3 yaz çaycılık yapmış yeni mezun bir inşaat mühendisi olarak, "saçma sapan konuşmayın böyle karşılaştırma mı olur?" diyorum.

tamam, para gerçekten çok önemli. bunu kimse gözardı edemez. ve evet, çaycılık da kötü bir şey gibi sunulmamalı ben o üç yaz sayesinde şimdi kimseyle iletişim kurma problemi çekmiyorum (çaycılık yaptığım yer, bir siyasi partinin ilçe merkeziydi. bu yüzden milletvekiliyle de iletişim kurdum, yönetimdeki doktoru, avukatı, mühendisi, mimarıyla da iletişim kurdum. bunun yanında köylüsü eğitimsiziyle de iletişim kurdum.)

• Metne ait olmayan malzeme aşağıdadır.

(* Let $d\ge 1$, $T>0$, and let ${\bf X}_1,{\bf X}_2$ be statistically independent $d$-dimensional real random vectors with characteristic functions $f_i({\bf t})=\mathbb E[e^{j{\bf t}^T{\bf X}_i}]$, $i=1,2$. Suppose ${\bf X}_1+{\bf X}_2$ and ${\bf X}_1-{\bf X}_2$ are $(\epsilon,T)$-dependent, and suppose there is a constant $p>0$ such that $|f_i({\bf t})|\ge p$ for all ${\bf t}\in\mathbb R^d$ with $\|{\bf t}\|\le T$ and $i=1,2$. Then, if $0<\epsilon\le p^4/[360d^2(d+1)]$, there exist mean vectors $\widehat{\bf m}_1,\widehat{\bf m}_2\in\mathbb R^d$ and a common symmetric positive semi-definite matrix $\widehat{\bf Q}$ such that, with the Gaussian characteristic functions $$\Phi_i({\bf t})=e^{{\bf t}^T\left(j\widehat{\bf m}_i-\frac12\widehat{\bf Q}\,{\bf t}\right)},\quad i=1,2,$$ we have for all $\|{\bf t}\|\le T/2$ and $i=1,2$ $$|f_i({\bf t})-\Phi_i({\bf t})|\le C(\epsilon)\,|\Phi_i({\bf t})|,\qquad C(\epsilon)=\frac{720d^2(d+1)}{p^4}\,\epsilon.$$
   Context: $j=\sqrt{-1}$. For ${\bf x}\in\mathbb R^d$, $\|{\bf x}\|=\|{\bf x}\|_1=\sum_i|x_i|$. For random vectors ${\bf U}_1,{\bf U}_2$ (of possibly different dimensions) with joint characteristic function $f_{{\bf U}_1,{\bf U}_2}({\bf t}_1,{\bf t}_2)=\mathbb E[e^{j{\bf t}_1^T{\bf U}_1+j{\bf t}_2^T{\bf U}_2}]$ and marginal characteristic functions $f_{{\bf U}_1},f_{{\bf U}_2}$, and constants $\epsilon,T\ge0$: ${\bf U}_1,{\bf U}_2$ are called $(\epsilon,T)$-dependent if $\sup_{\|{\bf t}_1\|\le T,\|{\bf t}_2\|\le T}|f_{{\bf U}_1,{\bf U}_2}({\bf t}_1,{\bf t}_2)-f_{{\bf U}_1}({\bf t}_1)f_{{\bf U}_2}({\bf t}_2)|\le\epsilon$. *)

theory Defs
  imports "HOL-Probability.Probability"
begin

definition norm1 :: "real ^ 'd \<Rightarrow> real" where
  "norm1 x = (\<Sum>i\<in>UNIV. \<bar>x $ i\<bar>)"

definition charf :: "'a measure \<Rightarrow> ('a \<Rightarrow> real ^ 'd) \<Rightarrow> real ^ 'd \<Rightarrow> complex" where
  "charf M X t = (LINT w|M. cis (t \<bullet> X w))"

definition joint_charf :: "'a measure \<Rightarrow> ('a \<Rightarrow> real ^ 'd) \<Rightarrow> ('a \<Rightarrow> real ^ 'e)
    \<Rightarrow> real ^ 'd \<Rightarrow> real ^ 'e \<Rightarrow> complex" where
  "joint_charf M U1 U2 t1 t2 = (LINT w|M. cis (t1 \<bullet> U1 w + t2 \<bullet> U2 w))"

definition eps_T_dependent :: "'a measure \<Rightarrow> ('a \<Rightarrow> real ^ 'd) \<Rightarrow> ('a \<Rightarrow> real ^ 'e)
    \<Rightarrow> real \<Rightarrow> real \<Rightarrow> bool" where
  "eps_T_dependent M U1 U2 \<epsilon> T \<longleftrightarrow>
     (\<forall>t1 t2. norm1 t1 \<le> T \<longrightarrow> norm1 t2 \<le> T \<longrightarrow>
        cmod (joint_charf M U1 U2 t1 t2 - charf M U1 t1 * charf M U2 t2) \<le> \<epsilon>)"

definition gauss_charf :: "real ^ 'd \<Rightarrow> real ^ 'd ^ 'd \<Rightarrow> real ^ 'd \<Rightarrow> complex" where
  "gauss_charf m Q t = exp (\<i> * complex_of_real (t \<bullet> m) - complex_of_real ((t \<bullet> (Q *v t)) / 2))"

end

theory Submission
  imports Defs
begin

(* By independence, the joint characteristic function of X1 + X2 and X1 - X2 at (s, t) is
   f1 (s + t) f2 (s - t), so (epsilon, T)-dependence says that it is within epsilon of
   f1 s f2 s f1 t f2 (-t), a number of modulus at least p^4. Since the f_i do not vanish on the
   l1 ball of radius T, they have continuous logarithms psi_i there, and taking logarithms turns
   the near factorisation into a functional equation for psi_1, psi_2 that holds up to
   3/2 epsilon / p^4 on the ball of radius T/2. Its real part says that Re psi_1 + Re psi_2 is an
   approximately quadratic function, its imaginary part that Im psi_1 + Im psi_2 and
   Im psi_1 - Im psi_2 are approximately additive. Hyers-Ulam type stability on the l1 ball gives
   a quadratic form and linear forms within O(d epsilon / p^4) of them, and Re psi_1 <= 0 allows
   the quadratic form to be shifted to a positive semidefinite one at the cost of a factor d + 1.
   Exponentiating yields the Gaussian approximation. *)

section \<open>The l1 norm\<close>

lemma norm1_nonneg: "norm1 x \<ge> 0"
  unfolding norm1_def by (simp add: sum_nonneg)

lemma norm1_0 [simp]: "norm1 0 = 0"
  unfolding norm1_def by simp

lemma norm1_uminus [simp]: "norm1 (- x) = norm1 x"
  unfolding norm1_def by simp

lemma norm1_triangle: "norm1 (x + y) \<le> norm1 x + norm1 y"
  unfolding norm1_def by (simp add: sum.distrib[symmetric] sum_mono abs_triangle_ineq)

lemma norm1_triangle_diff: "norm1 (x - y) \<le> norm1 x + norm1 y"
  using norm1_triangle[of x "- y"] by simp

lemma norm1_scaleR: "norm1 (c *\<^sub>R x) = \<bar>c\<bar> * norm1 x"
  unfolding norm1_def by (simp add: abs_mult sum_distrib_left)

lemma norm1_axis [simp]: "norm1 (axis k c) = \<bar>c\<bar>"
  unfolding norm1_def axis_def by (simp add: if_distrib cong: if_cong)

lemma component_le_norm1: "\<bar>x $ k\<bar> \<le> norm1 x"
  unfolding norm1_def by (rule member_le_sum) auto

lemma norm_le_norm1: "norm x \<le> norm1 x"
  unfolding norm1_def by (rule norm_le_l1_cart)

lemma norm1_power2_le: "(norm1 (x :: real ^ 'd))\<^sup>2 \<le> real CARD('d) * (norm x)\<^sup>2"
  using sum_squared_le_sum_of_squares[of "\<lambda>k. \<bar>x $ k\<bar>" UNIV]
  unfolding norm1_def by (simp add: norm_vec_def L2_set_def sum_nonneg mult.commute)

lemma norm1_midpoint_le:
  "norm1 u \<le> r \<Longrightarrow> norm1 v \<le> r \<Longrightarrow> norm1 ((1/2) *\<^sub>R (u + v)) \<le> r"
  using norm1_triangle[of u v] by (simp add: norm1_scaleR)

lemma norm1_half_diff_le:
  "norm1 u \<le> r \<Longrightarrow> norm1 v \<le> r \<Longrightarrow> norm1 ((1/2) *\<^sub>R (u - v)) \<le> r"
  using norm1_triangle_diff[of u v] by (simp add: norm1_scaleR)

lemma norm1_half_ball_combinations:
  assumes "norm1 x \<le> T/2" "norm1 y \<le> T/2"
  shows "norm1 (2 *\<^sub>R x) \<le> T" "norm1 (2 *\<^sub>R y) \<le> T" "norm1 (x + y) \<le> T"
    "norm1 (x - y) \<le> T" "norm1 (y - x) \<le> T"
  using assms norm1_triangle[of x y] norm1_triangle_diff[of x y] norm1_triangle_diff[of y x]
  by (auto simp: norm1_scaleR)

lemma component_sum_axis:
  "(\<Sum>k\<in>F. axis k (x $ k)) $ i = (if i \<in> F then (x :: real ^ 'd) $ i else 0)"
proof -
  have "(\<Sum>k\<in>F. axis k (x $ k)) $ i = (\<Sum>k\<in>F. if k = i then x $ i else 0)"
    unfolding sum_component by (intro sum.cong) (auto simp: axis_def)
  then show ?thesis by simp
qed

lemma norm1_sum_axis_le: "norm1 (\<Sum>k\<in>F. axis k ((x :: real ^ 'd) $ k)) \<le> norm1 x"
  unfolding norm1_def component_sum_axis by (intro sum_mono) auto

lemma sum_axis_UNIV: "(\<Sum>k\<in>UNIV. axis k ((x :: real ^ 'd) $ k)) = x"
  unfolding vec_eq_iff component_sum_axis by simp

lemma convex_norm1_ball: "convex {x :: real ^ 'd. norm1 x \<le> T}"
proof (rule convexI)
  fix x y :: "real ^ 'd" and u v :: real
  assume x: "x \<in> {x. norm1 x \<le> T}" and y: "y \<in> {x. norm1 x \<le> T}"
    and u: "0 \<le> u" and v: "0 \<le> v" and uv: "u + v = 1"
  have "norm1 (u *\<^sub>R x + v *\<^sub>R y) \<le> u * norm1 x + v * norm1 y"
    using norm1_triangle[of "u *\<^sub>R x" "v *\<^sub>R y"] u v by (simp add: norm1_scaleR)
  also have "\<dots> \<le> u * T + v * T"
    using x y u v by (intro add_mono mult_left_mono) auto
  finally show "u *\<^sub>R x + v *\<^sub>R y \<in> {x. norm1 x \<le> T}"
    using uv by (simp add: ring_distribs[symmetric])
qed

lemma compact_norm1_ball: "compact {x :: real ^ 'd. norm1 x \<le> T}"
  unfolding compact_eq_bounded_closed
proof
  show "bounded {x :: real ^ 'd. norm1 x \<le> T}"
    unfolding bounded_iff using norm_le_norm1 order_trans by blast
  have "continuous_on UNIV (norm1 :: real ^ 'd \<Rightarrow> real)"
    unfolding norm1_def[abs_def] by (intro continuous_intros)
  then show "closed {x :: real ^ 'd. norm1 x \<le> T}"
    by (intro closed_Collect_le continuous_on_const)
qed

lemma continuous_on_norm1_ball_bounded:
  fixes g :: "real ^ 'd \<Rightarrow> complex"
  assumes "continuous_on {x. norm1 x \<le> T} g"
  obtains B where "\<And>x. norm1 x \<le> T \<Longrightarrow> cmod (g x) \<le> B"
  using compact_imp_bounded[OF compact_continuous_image[OF assms compact_norm1_ball]]
  unfolding bounded_iff by auto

para önemli evet ama, "mühendisim" dediğinizde insanların dibi düşüyor gerçekten. ha, ben asıl bundan değil de, yaptığım işin sonucundan keyif alıyorum. o "ben yaptım bunu" cümlesinin nesnesi olan büyük iş, insana ayrı bir keyif veriyor.

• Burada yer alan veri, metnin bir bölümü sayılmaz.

text \<open>The clipping only serves measurability: outside \<open>{0<..}\<close> nothing is known about \<open>f\<close>,
  and on a null set \<open>p x / q x\<close> may lie there.\<close>

lemma fdiv_eq_integral_clip:
  fixes p q :: "'a \<Rightarrow> real" and f :: "real \<Rightarrow> real"
  assumes "finite_measure M" and [measurable]: "p \<in> borel_measurable M" "q \<in> borel_measurable M"
    and f: "continuous_on {lo..hi} f" and "lo \<le> hi"
    and bounds: "AE x in M. 0 < p x \<and> 0 < q x \<and> q x \<le> B \<and> lo \<le> p x / q x \<and> p x / q x \<le> hi"
  shows "integrable M (\<lambda>x. q x * f (clip (p x / q x) lo hi))"
    and "fdiv f M p q = ereal (\<integral>x. q x * f (clip (p x / q x) lo hi) \<partial>M)"
proof -
  have "continuous_on UNIV (\<lambda>t. f (clip t lo hi))"
    using clip_in_Icc[OF \<open>lo \<le> hi\<close>] unfolding clip_def
    by (intro continuous_on_compose2[OF f] continuous_intros) (auto simp: clip_def)
  then have [measurable]: "(\<lambda>t. f (clip t lo hi)) \<in> borel_measurable borel"
    by (rule borel_measurable_continuous_onI)
  obtain K where K: "\<And>t. \<bar>f (clip t lo hi)\<bar> \<le> K"
    using compact_imp_bounded[OF compact_continuous_image[OF f compact_Icc]]
      clip_in_Icc[OF \<open>lo \<le> hi\<close>]
    unfolding bounded_iff by (metis image_eqI real_norm_def)
  have "AE x in M. norm (q x * f (clip (p x / q x) lo hi)) \<le> B * K"
    using bounds by eventually_elim (auto simp: abs_mult intro!: mult_mono K)
  then show int: "integrable M (\<lambda>x. q x * f (clip (p x / q x) lo hi))"
    by (intro finite_measure.integrable_const_bound[OF \<open>finite_measure M\<close>]) measurable
  show "fdiv f M p q = ereal (\<integral>x. q x * f (clip (p x / q x) lo hi) \<partial>M)"
    using bounds by (intro fdiv_eq_integral[OF int]) (auto simp: fdiv_integrand_def clip_eq_self)
qed

lemma fdiv_clip_le:
  fixes p q :: "'a \<Rightarrow> real" and f :: "real \<Rightarrow> real"
  assumes "finite_measure M" and f: "convex_on {0<..} f"
    and "0 < r" "0 < a" "a \<le> b" "0 < s"
    and [measurable]: "p \<in> borel_measurable M" "q \<in> borel_measurable M"
    and p_bounds: "AE x in M. s \<le> p x \<and> p x \<le> t"
    and q_bounds: "AE x in M. a \<le> q x \<and> q x \<le> b"
    and mass: "(\<integral>x. clip (p x / r) a b \<partial>M) = (\<integral>x. q x \<partial>M)"
  shows "fdiv f M p (\<lambda>x. clip (p x / r) a b) \<le> fdiv f M p q"
proof -
  interpret finite_measure M by fact
  define q\<^sub>1 where "q\<^sub>1 x = clip (p x / r) a b" for x
  define lo hi where "lo = s / b" and "hi = max lo (t / a)"
  define G where "G q' x = q' x * f (clip (p x / q' x) lo hi)" for q' x
  have "0 < lo" "lo \<le> hi"
    using assms by (auto simp: lo_def hi_def)
  then have "continuous_on {lo..hi} f"
    using convex_on_continuous[OF _ f] by (auto elim!: continuous_on_subset)
  have ratio: "lo \<le> u / v \<and> u / v \<le> hi" if "s \<le> u" "u \<le> t" "a \<le> v" "v \<le> b" for u v
  proof -
    have "s / b \<le> u / v \<and> u / v \<le> t / a"
      using assms that by (auto intro: frac_le)
    then show ?thesis by (auto simp: lo_def hi_def)
  qed
  have fdiv_G: "integrable M q' \<and> integrable M (G q') \<and> fdiv f M p q' = ereal (integral\<^sup>L M (G q'))"
    if [measurable]: "q' \<in> borel_measurable M" and q'_bounds: "AE x in M. a \<le> q' x \<and> q' x \<le> b"
    for q'
  proof -
    have bounds:
      "AE x in M. 0 < p x \<and> 0 < q' x \<and> q' x \<le> b \<and> lo \<le> p x / q' x \<and> p x / q' x \<le> hi"
      using p_bounds q'_bounds by eventually_elim (use assms ratio in auto)
    have "integrable M q'"
      using q'_bounds \<open>0 < a\<close> by (intro integrable_const_bound[where B = b]) auto
    with fdiv_eq_integral_clip[OF \<open>finite_measure M\<close> _ _ \<open>continuous_on {lo..hi} f\<close>
        \<open>lo \<le> hi\<close> bounds]
    show ?thesis by (simp add: G_def[abs_def])
  qed
  have q\<^sub>1_bounds: "AE x in M. a \<le> q\<^sub>1 x \<and> q\<^sub>1 x \<le> b"
    using clip_in_Icc[OF \<open>a \<le> b\<close>] by (simp add: q\<^sub>1_def)
  have q\<^sub>1_measurable[measurable]: "q\<^sub>1 \<in> borel_measurable M"
    unfolding q\<^sub>1_def clip_def by measurable
  note G\<^sub>1 = fdiv_G[OF q\<^sub>1_measurable q\<^sub>1_bounds]
    and G\<^sub>2 = fdiv_G[OF \<open>q \<in> borel_measurable M\<close> q_bounds]
  obtain m where m: "\<And>u. 0 < u \<Longrightarrow> f r + m * (u - r) \<le> f u"
    using convex_on_real_subgradient[OF f \<open>0 < r\<close>] by blast
  define c where "c = f r - m * r"
  have "AE x in M. G q\<^sub>1 x - c * q\<^sub>1 x \<le> G q x - c * q x"
    using p_bounds q_bounds
  proof eventually_elim
    case (elim x)
    moreover have "a \<le> q\<^sub>1 x" "q\<^sub>1 x \<le> b"
      using clip_in_Icc[OF \<open>a \<le> b\<close>] by (auto simp: q\<^sub>1_def)
    ultimately show ?case
      using perspective_clip_le[OF f \<open>0 < r\<close> m, of "p x" a "q x" b] ratio[of "p x"]
        \<open>0 < s\<close> \<open>0 < a\<close>
      by (simp add: G_def c_def q\<^sub>1_def[symmetric] clip_eq_self)
  qed
  then have "(\<integral>x. G q\<^sub>1 x - c * q\<^sub>1 x \<partial>M) \<le> (\<integral>x. G q x - c * q x \<partial>M)"
    using G\<^sub>1 G\<^sub>2 by (intro integral_mono_AE) auto
  then have "integral\<^sup>L M (G q\<^sub>1) - c * integral\<^sup>L M q\<^sub>1 \<le> integral\<^sup>L M (G q) - c * integral\<^sup>L M q"
    using G\<^sub>1 G\<^sub>2 by simp
  then show ?thesis
    using G\<^sub>1 G\<^sub>2 mass by (simp add: q\<^sub>1_def[abs_def])
qed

mühendis adayı genç kardeşlerimizin hayal dünyasını gözlemlediğimiz versus. 10 yıl sonra 10k+ maaş alacağını düşünen varsa şimdiden söyleyeyim, yok öyle bir şey. bir mühendis olarak en yüksek ücreti alabileceğiniz sektör savunma sanayiidir, onun ardından da otomotiv sanayii gelir. bu iki sektörde de 10k ve üzeri maaş (net) alabilmeniz için ancak yönetici olmanız gerekir. dolayısıyla 7k maaşa çaycılık bulursanız, kapın askıyı çayları dağıtmaya başlayın. çünkü düşük bir ihtimalle on yıl sonra çaycının bugünkü kazancını alıyor olacaksınız ve o güne kadar kredi faizleri nedeniyle gelecekteki kazancınızı da şimdiden harcamışsınızdır. siktirtmeyin manevi tatmininizi, her yer mühendis amk neyin havasındasınız?

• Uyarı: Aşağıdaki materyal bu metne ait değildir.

lemma binomial_mult_fact_le:
  assumes "k \<le> n"
  shows "real (n choose k) * fact k \<le> fact n"
proof -
  have "(n choose k) * fact k \<le> (n choose k) * fact k * fact (n - k)"
    by (simp add: fact_ge_1)
  also have "\<dots> = (fact n :: nat)"
    using binomial_fact_lemma[OF assms] by (simp add: mult_ac)
  finally show ?thesis
    by (metis of_nat_fact of_nat_le_iff of_nat_mult)
qed

lemma sum_power4_le: "(\<Sum>a \<le> n. (4::real) ^ a) \<le> 4 / 3 * 4 ^ n"
  by (induction n) auto

lemma sum_power4_Times_le: "(\<Sum>(a, b) \<in> {..p} \<times> {..q} - {(p, q)}. (4::real) ^ (a + b)) \<le> 4 ^ (p + q)"
proof -
  have "(\<Sum>(a, b) \<in> {..p} \<times> {..q} - {(p, q)}. (4::real) ^ (a + b)) =
      (\<Sum>a \<le> p. 4 ^ a) * (\<Sum>b \<le> q. 4 ^ b) - 4 ^ (p + q)"
    by (simp add: sum_diff1 power_add sum_product sum.cartesian_product case_prod_unfold)
  also have "(\<Sum>a \<le> p. (4::real) ^ a) * (\<Sum>b \<le> q. 4 ^ b) \<le> (4 / 3 * 4 ^ p) * (4 / 3 * 4 ^ q)"
    by (intro mult_mono sum_power4_le) (auto intro: sum_nonneg)
  also have "(4 / 3 * 4 ^ p) * (4 / 3 * 4 ^ q) - 4 ^ (p + q) \<le> (4::real) ^ (p + q)"
    by (simp add: power_add)
  finally show ?thesis by simp
qed

lemma abs_sa_bipartite_le: "\<bar>real_of_int (sa_bipartite p q)\<bar> \<le> 4 ^ (p + q) * fact p * fact q"
proof (induction "p + q" arbitrary: p q rule: less_induct)
  case less
  show ?case
  proof (cases "p = 0 \<or> q = 0 \<or> odd (p + q)")
    case True
    then have "\<bar>real_of_int (sa_bipartite p q)\<bar> \<le> 1"
      by (cases "(p, q) = (0, 0)") (auto simp: sa_bipartite_eq_0)
    also have "1 \<le> (4::real) ^ (p + q) * fact p * fact q"
      by (meson fact_ge_1 mult_ge1_I one_le_power one_le_numeral)
    finally show ?thesis .
  next
    case False
    let ?S = "{..p} \<times> {..q} - {(p, q)}"
    have term_le: "real (p choose a) * real (q choose b) * \<bar>real_of_int (sa_bipartite a b)\<bar>
        \<le> fact p * fact q * 4 ^ (a + b)" if "(a, b) \<in> ?S" for a b
    proof -
      have ab: "a \<le> p" "b \<le> q" "a + b < p + q" using that by auto
      have "real (p choose a) * real (q choose b) * \<bar>real_of_int (sa_bipartite a b)\<bar>
          \<le> real (p choose a) * real (q choose b) * (4 ^ (a + b) * fact a * fact b)"
        using less.hyps[OF ab(3)] by (intro mult_left_mono) auto
      also have "\<dots> = (real (p choose a) * fact a) * (real (q choose b) * fact b) * 4 ^ (a + b)"
        by (simp add: algebra_simps)
      also have "\<dots> \<le> fact p * fact q * 4 ^ (a + b)"
        using binomial_mult_fact_le[OF ab(1)] binomial_mult_fact_le[OF ab(2)]
        by (intro mult_right_mono mult_mono) auto
      finally show ?thesis .
    qed
    have "\<bar>real_of_int (sa_bipartite p q)\<bar>
        = \<bar>\<Sum>(a, b) \<in> ?S. real (p choose a) * real (q choose b) * real_of_int (sa_bipartite a b)\<bar>"
      using False by (simp add: sa_bipartite.simps[of p q] case_prod_unfold)
    also have "\<dots> \<le> (\<Sum>(a, b) \<in> ?S. real (p choose a) * real (q choose b) * \<bar>real_of_int (sa_bipartite a b)\<bar>)"
      by (rule order_trans[OF sum_abs]) (simp add: abs_mult case_prod_unfold)
    also have "\<dots> \<le> (\<Sum>(a, b) \<in> ?S. fact p * fact q * 4 ^ (a + b))"
      using term_le by (intro sum_mono) auto
    also have "\<dots> = fact p * fact q * (\<Sum>(a, b) \<in> ?S. 4 ^ (a + b))"
      by (simp add: sum_distrib_left case_prod_unfold)
    also have "\<dots> \<le> fact p * fact q * 4 ^ (p + q)"
      by (intro mult_left_mono sum_power4_Times_le) auto
    finally show ?thesis by (simp add: mult_ac)
  qed
qed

o çay ocağını mert'e hayır amaçlı tahsis etmediklerine göre, ve hikaye türkiye'de geçtiğine göre, çaycı mert borç içinde yüzmektedir ve stresten kafayı yemesine ramak kalmıştır. çünkü ayda 7000+ lira net gelir getiren o çay ocağının ihalesini kazanabilmek için bunun bilmem kaç katı kredi çekmiştir. ayrıca ihale mafyasından dayak yemiş, mafyaya, belediyeye, ve bilimum başka kişi ve kurumlara "ödeme, harç bedeli..vs" adı altında rüşvet vermek zorunda kalmıştır. seneye bu kadar para kazanabileceği de garanti değildir, çünkü bir bakmışsın hooop yeni ihale açmışlar, yandaş abdurrahman'a vermişler senin çay ocağını.

ya, işte böyle sevgili çaycı mert.

burası türkiye, büyük düşünmelisin, zikerler yoksa.